Take a tour with Pandas

pandas is a fast, powerful, flexible and easy to use open source data analysis and manipulation tool, built on top of the Python programming language.

The Basics

Pandas is build to analyze data. It uses Series, DataFrames and other data manipulation objects to help us understand data better. Every Pandas notebook starts with the basic import statement.

import pandas as pd

Data is very important which is why Pandas can import various files such as csv, pdf, hmtl, json, excel, sql as spss.

# returns a DataFrame
car_brands = pd.read_csv("_data/car_brands.csv")

Pandas offers different objects to mirror data:

  1. Series represents 1 dimensional data
  2. DataFrame represents 2 dimensional data
car_series = pd.Series(["BMW", "Honda", "Toyota"])
car_color = pd.Series(["Red", "Black", "Blue"])

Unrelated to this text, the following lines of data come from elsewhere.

definition mod_iso :: "('r, 'z) ring_scheme \<Rightarrow> ('r, 'a) module \<Rightarrow> ('r, 'b) module \<Rightarrow> ('a \<Rightarrow> 'b) \<Rightarrow> bool" where
  "mod_iso R M N f \<longleftrightarrow>
     (\<forall>x \<in> carrier M. \<forall>y \<in> carrier M. f (x \<oplus>\<^bsub>M\<^esub> y) = f x \<oplus>\<^bsub>N\<^esub> f y) \<and>
     (\<forall>a \<in> carrier R. \<forall>x \<in> carrier M. f (a \<odot>\<^bsub>M\<^esub> x) = a \<odot>\<^bsub>N\<^esub> f x) \<and>
     bij_betw f (carrier M) (carrier N)"

definition mod_isomorphic :: "('r, 'z) ring_scheme \<Rightarrow> ('r, 'a) module \<Rightarrow> ('r, 'b) module \<Rightarrow> bool" where
  "mod_isomorphic R M N \<longleftrightarrow> (\<exists>f. mod_iso R M N f)"

text \<open>External direct sum of two modules (the ring fields mult/one are irrelevant).\<close>
definition ext_dsum :: "('r, 'a) module \<Rightarrow> ('r, 'b) module \<Rightarrow> ('r, 'a \<times> 'b) module" where
  "ext_dsum D N =
     \<lparr>carrier = carrier D \<times> carrier N,
      mult = (\<lambda>_ _. undefined), one = undefined,
      zero = (\<zero>\<^bsub>D\<^esub>, \<zero>\<^bsub>N\<^esub>),
      add = (\<lambda>(x, y) (x', y'). (x \<oplus>\<^bsub>D\<^esub> x', y \<oplus>\<^bsub>N\<^esub> y')),
      smult = (\<lambda>r (x, y). (r \<odot>\<^bsub>D\<^esub> x, r \<odot>\<^bsub>N\<^esub> y))\<rparr>"

text \<open>The complement N
  ranges over modules with the same element type as D (any complement is
  isomorphic to a submodule of M, so no generality is lost in our uses).\<close>
definition divisor :: "('r, 'z) ring_scheme \<Rightarrow> ('r, 'a) module \<Rightarrow> ('r, 'a) module \<Rightarrow> bool" where
  "divisor R D M \<longleftrightarrow> (\<exists>N :: ('r, 'a) module. lmodule R N \<and> mod_isomorphic R M (ext_dsum D N))"

text \<open>Coprime: up to isomorphism, 0 is the only common divisor.  Candidate
  divisors range over R-modules with the element type of the given modules.\<close>
definition coprime_mod :: "('r, 'z) ring_scheme \<Rightarrow> ('r, 'a) module \<Rightarrow> ('r, 'a) module \<Rightarrow> bool" where
  "coprime_mod R X Y \<longleftrightarrow>
     (\<forall>D :: ('r, 'a) module. lmodule R D \<and> divisor R D X \<and> divisor R D Y
        \<longrightarrow> carrier D = {\<zero>\<^bsub>D\<^esub>})"

end

theory Submission
  imports Defs "HOL-Library.Infinite_Set"
begin

(* Let pi_A, pi_B be the projections of M onto A1 along A2 and onto B1 along B2, and
   phi : A1 -> B1 an isomorphism.  Splitting phi x along A1 + A2 writes the identity of A1 as
   phi^-1 pi_B pi_A phi plus an endomorphism factoring through A2.  By Fitting's lemma such an
   endomorphism restricts to an automorphism of its eventual image, which is then a retract,
   hence a divisor, of both A1 and A2; by coprimality that image is zero, so the endomorphism is
   nilpotent.  Therefore pi_B pi_A is injective on B1, and finite length makes
   pi_B : A1 -> B1 and pi_A : B1 -> A1 bijective, which says exactly that A1 and B1 are
   complements of B2 and A2. *)

lemma mono_finite_range_eventually_const:
  fixes S :: "nat \<Rightarrow> 'a::order"
  assumes fin: "finite (range S)" and mono: "mono S \<or> antimono S"
  shows "\<exists>k. \<forall>j\<ge>k. S j = S k"
proof -
  obtain y where y: "infinite (S -` {y})"
    using inf_img_fin_dom[OF fin infinite_UNIV_nat] by auto
  then obtain k where k: "S k = y"
    by (metis finite.emptyI vimage_singleton_eq ex_in_conv)
  have "S j = S k" if "j \<ge> k" for j
  proof -
    obtain m where m: "m \<ge> j" "S m = y"
      using y unfolding infinite_nat_iff_unbounded_le by auto
    from mono show ?thesis
    proof
      assume "mono S"
      then show ?thesis
        using monoD[of S k j] monoD[of S j m] k m \<open>j \<ge> k\<close> by auto
    next
      assume "antimono S"
      then show ?thesis
        using antimonoD[of S k j] antimonoD[of S j m] k m \<open>j \<ge> k\<close> by auto
    qed
  qed
  then show ?thesis by blast
qed

lemma inj_on_funpow:
  assumes "inj_on h X" and "h ` X \<subseteq> X"
  shows "inj_on (h ^^ k) X"
proof (induction k)
  case 0
  then show ?case by simp
next
  case (Suc k)
  have "inj_on (h ^^ k \<circ> h) X"
    using Suc assms by (intro comp_inj_on) (auto intro: inj_on_subset)
  then show ?case by (simp only: funpow_Suc_right)
qed

locale left_module =
  fixes R :: "('r, 'z) ring_scheme" and M :: "('r, 'a) module" (structure)
  assumes lmodule: "lmodule R M"
begin

sublocale abelian_group M
  using lmodule unfolding lmodule_def by auto

lemma smult_closed: "a \<in> carrier R \<Longrightarrow> x \<in> carrier M \<Longrightarrow> a \<odot> x \<in> carrier M"
  using lmodule unfolding lmodule_def by auto

lemma smult_r_distr:
  "a \<in> carrier R \<Longrightarrow> x \<in> carrier M \<Longrightarrow> y \<in> carrier M \<Longrightarrow> a \<odot> (x \<oplus> y) = a \<odot> x \<oplus> a \<odot> y"
  using lmodule unfolding lmodule_def by auto

lemma smult_r_null: "a \<in> carrier R \<Longrightarrow> a \<odot> \<zero> = \<zero>"
  using smult_r_distr[of a \<zero> \<zero>] smult_closed[of a \<zero>] by simp

lemma smult_r_minus: "a \<in> carrier R \<Longrightarrow> x \<in> carrier M \<Longrightarrow> a \<odot> (\<ominus> x) = \<ominus> (a \<odot> x)"
  using smult_r_distr[of a x "\<ominus> x"] smult_closed[of a] smult_r_null[of a]
  by (metis a_inv_closed minus_equality r_neg)

lemma smult_r_diff:
  "a \<in> carrier R \<Longrightarrow> x \<in> carrier M \<Longrightarrow> y \<in> carrier M \<Longrightarrow> a \<odot> (x \<ominus> y) = a \<odot> x \<ominus> a \<odot> y"
  by (simp add: minus_eq smult_r_distr smult_r_minus)

lemma add_minus_cancel_left: "a \<in> carrier M \<Longrightarrow> b \<in> carrier M \<Longrightarrow> a \<oplus> (b \<ominus> a) = b"
  by (metis a_inv_closed a_lcomm minus_eq r_neg r_zero)

lemma add_minus_cancel_left': "a \<in> carrier M \<Longrightarrow> b \<in> carrier M \<Longrightarrow> a \<oplus> b \<ominus> a = b"
  using add_minus_cancel_left by (simp add: minus_eq a_ac)

lemma minus_self: "a \<in> carrier M \<Longrightarrow> a \<ominus> a = \<zero>"
  by (simp add: minus_eq r_neg)

lemma minus_eq_zero_iff: "a \<in> carrier M \<Longrightarrow> b \<in> carrier M \<Longrightarrow> a \<ominus> b = \<zero> \<longleftrightarrow> a = b"
  by (metis add_minus_cancel_left minus_self)

lemma add_minus_add:
  "x \<in> carrier M \<Longrightarrow> y \<in> carrier M \<Longrightarrow> a \<in> carrier M \<Longrightarrow> b \<in> carrier M \<Longrightarrow>
   (x \<oplus> y) \<ominus> (a \<oplus> b) = (x \<ominus> a) \<oplus> (y \<ominus> b)"
  by (simp add: minus_eq minus_add a_ac)

lemma submodule_subset: "submodule X R M \<Longrightarrow> X \<subseteq> carrier M"
  unfolding submodule_def subgroup_def by auto

lemma submodule_zero: "submodule X R M \<Longrightarrow> \<zero> \<in> X"
  unfolding submodule_def subgroup_def by auto

lemma submodule_add: "submodule X R M \<Longrightarrow> x \<in> X \<Longrightarrow> y \<in> X \<Longrightarrow> x \<oplus> y \<in> X"
  unfolding submodule_def subgroup_def by auto

lemma submodule_neg: "submodule X R M \<Longrightarrow> x \<in> X \<Longrightarrow> \<ominus> x \<in> X"
  unfolding submodule_def subgroup_def a_inv_def by auto

lemma submodule_diff: "submodule X R M \<Longrightarrow> x \<in> X \<Longrightarrow> y \<in> X \<Longrightarrow> x \<ominus> y \<in> X"
  by (simp add: minus_eq submodule_add submodule_neg)

lemma submodule_smult: "submodule X R M \<Longrightarrow> a \<in> carrier R \<Longrightarrow> x \<in> X \<Longrightarrow> a \<odot> x \<in> X"
  unfolding submodule_def submodule_axioms_def by auto

lemma submoduleI:
  assumes "X \<subseteq> carrier M" "\<zero> \<in> X" "\<And>x y. x \<in> X \<Longrightarrow> y \<in> X \<Longrightarrow> x \<oplus> y \<in> X"
    "\<And>x. x \<in> X \<Longrightarrow> \<ominus> x \<in> X" "\<And>a x. a \<in> carrier R \<Longrightarrow> x \<in> X \<Longrightarrow> a \<odot> x \<in> X"
  shows "submodule X R M"
  unfolding submodule_def submodule_axioms_def subgroup_def using assms
  by (auto simp: a_inv_def)

lemma submodule_carrier: "submodule (carrier M) R M"
  by (rule submoduleI) (auto simp: smult_closed)

lemma submodule_lmodule:
  assumes X: "submodule X R M"
  shows "lmodule R (submod M X)"
proof -
  note X_carrier = submodule_subset[OF X, THEN subsetD]
  have "abelian_group (M\<lparr>carrier := X\<rparr>)"
  proof (rule abelian_groupI)
    fix x assume "x \<in> carrier (M\<lparr>carrier := X\<rparr>)"
    then show "\<exists>y\<in>carrier (M\<lparr>carrier := X\<rparr>). y \<oplus>\<^bsub>M\<lparr>carrier := X\<rparr>\<^esub> x = \<zero>\<^bsub>M\<lparr>carrier := X\<rparr>\<^esub>"
      using submodule_neg[OF X] X_carrier by (auto intro!: bexI[of _ "\<ominus> x"] simp: l_neg)
  qed (use X X_carrier submodule_zero submodule_add in \<open>auto simp: a_ac\<close>)
  then show ?thesis
    using lmodule X submodule_smult X_carrier unfolding lmodule_def submod_def by auto
qed

end

definition submodule_hom ::
    "('r, 'z) ring_scheme \<Rightarrow> ('r, 'a) module \<Rightarrow> 'a set \<Rightarrow> 'a set \<Rightarrow> ('a \<Rightarrow> 'a) \<Rightarrow> bool" where
  "submodule_hom R M X Y h \<longleftrightarrow> (\<forall>x\<in>X. h x \<in> Y) \<and>
     (\<forall>x\<in>X. \<forall>y\<in>X. h (x \<oplus>\<^bsub>M\<^esub> y) = h x \<oplus>\<^bsub>M\<^esub> h y) \<and>
     (\<forall>a\<in>carrier R. \<forall>x\<in>X. h (a \<odot>\<^bsub>M\<^esub> x) = a \<odot>\<^bsub>M\<^esub> h x)"

context left_module
begin

lemma submodule_hom_closed: "submodule_hom R M X Y h \<Longrightarrow> x \<in> X \<Longrightarrow> h x \<in> Y"
  unfolding submodule_hom_def by auto

lemma submodule_hom_add:
  "submodule_hom R M X Y h \<Longrightarrow> x \<in> X \<Longrightarrow> y \<in> X \<Longrightarrow> h (x \<oplus> y) = h x \<oplus> h y"
  unfolding submodule_hom_def by auto

lemma submodule_hom_smult:
  "submodule_hom R M X Y h \<Longrightarrow> a \<in> carrier R \<Longrightarrow> x \<in> X \<Longrightarrow> h (a \<odot> x) = a \<odot> h x"
  unfolding submodule_hom_def by auto

lemma submodule_hom_id: "submodule_hom R M X X (\<lambda>x. x)"
  unfolding submodule_hom_def by auto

car_data = pd.DataFrame({"Car Maker": car_series, "Car Color": car_color})

Finally, after manipulating our data, to cleanup it up for example, we can export our changes to a new file as well.

car_data.to_csv("_data/new_car_data.csv", index=False)

Viewing and Selecting Data

A DataFrame and Series can hold a lot of information. If we want to navigate around, we can use loc and iloc to access a specific row.

  • loc returns the row at index
  • iloc return the row at the position (index independent)

We can use a dictionary like syntax to access the colums of a DataFrame:

car_data["color"]
car_data.color

# query column
# only show red colored cars
car_data[card_data["color"] == "red"]

Manipulating Data

Now we have looked at how to import, display and query our data but Pandas allows us to also change data. This is useful to sanatize our data for further analysis.

# lowercase the color column values
# maybe the person who inputed the color wrote it sometimes all caps
# sometimes capitalized or something else
car_data["color"] = car_data["color"].str.lower()

# query for missing rows where the color is missing
car_data_missing_color = car_data[car_data["color"].isnull() == True]

# fill the empty spots with the mean of the column
car_data["color"].fillna(car_data["color"].mean(), inplace=True)

# drop rows with the missing property
car_data.dropna()

# we can shuffle our data to break up patterns in ordered lists
car_data.sample(frac=1)

# finally if we need more control to alter a value in a row
# we can use lambdas
car_data["doors"].apply(lambda doors: doors + 1)

And that is it. There is more to Pandas of course but this covers the basic CRUD operations one would like to perform with Pandas.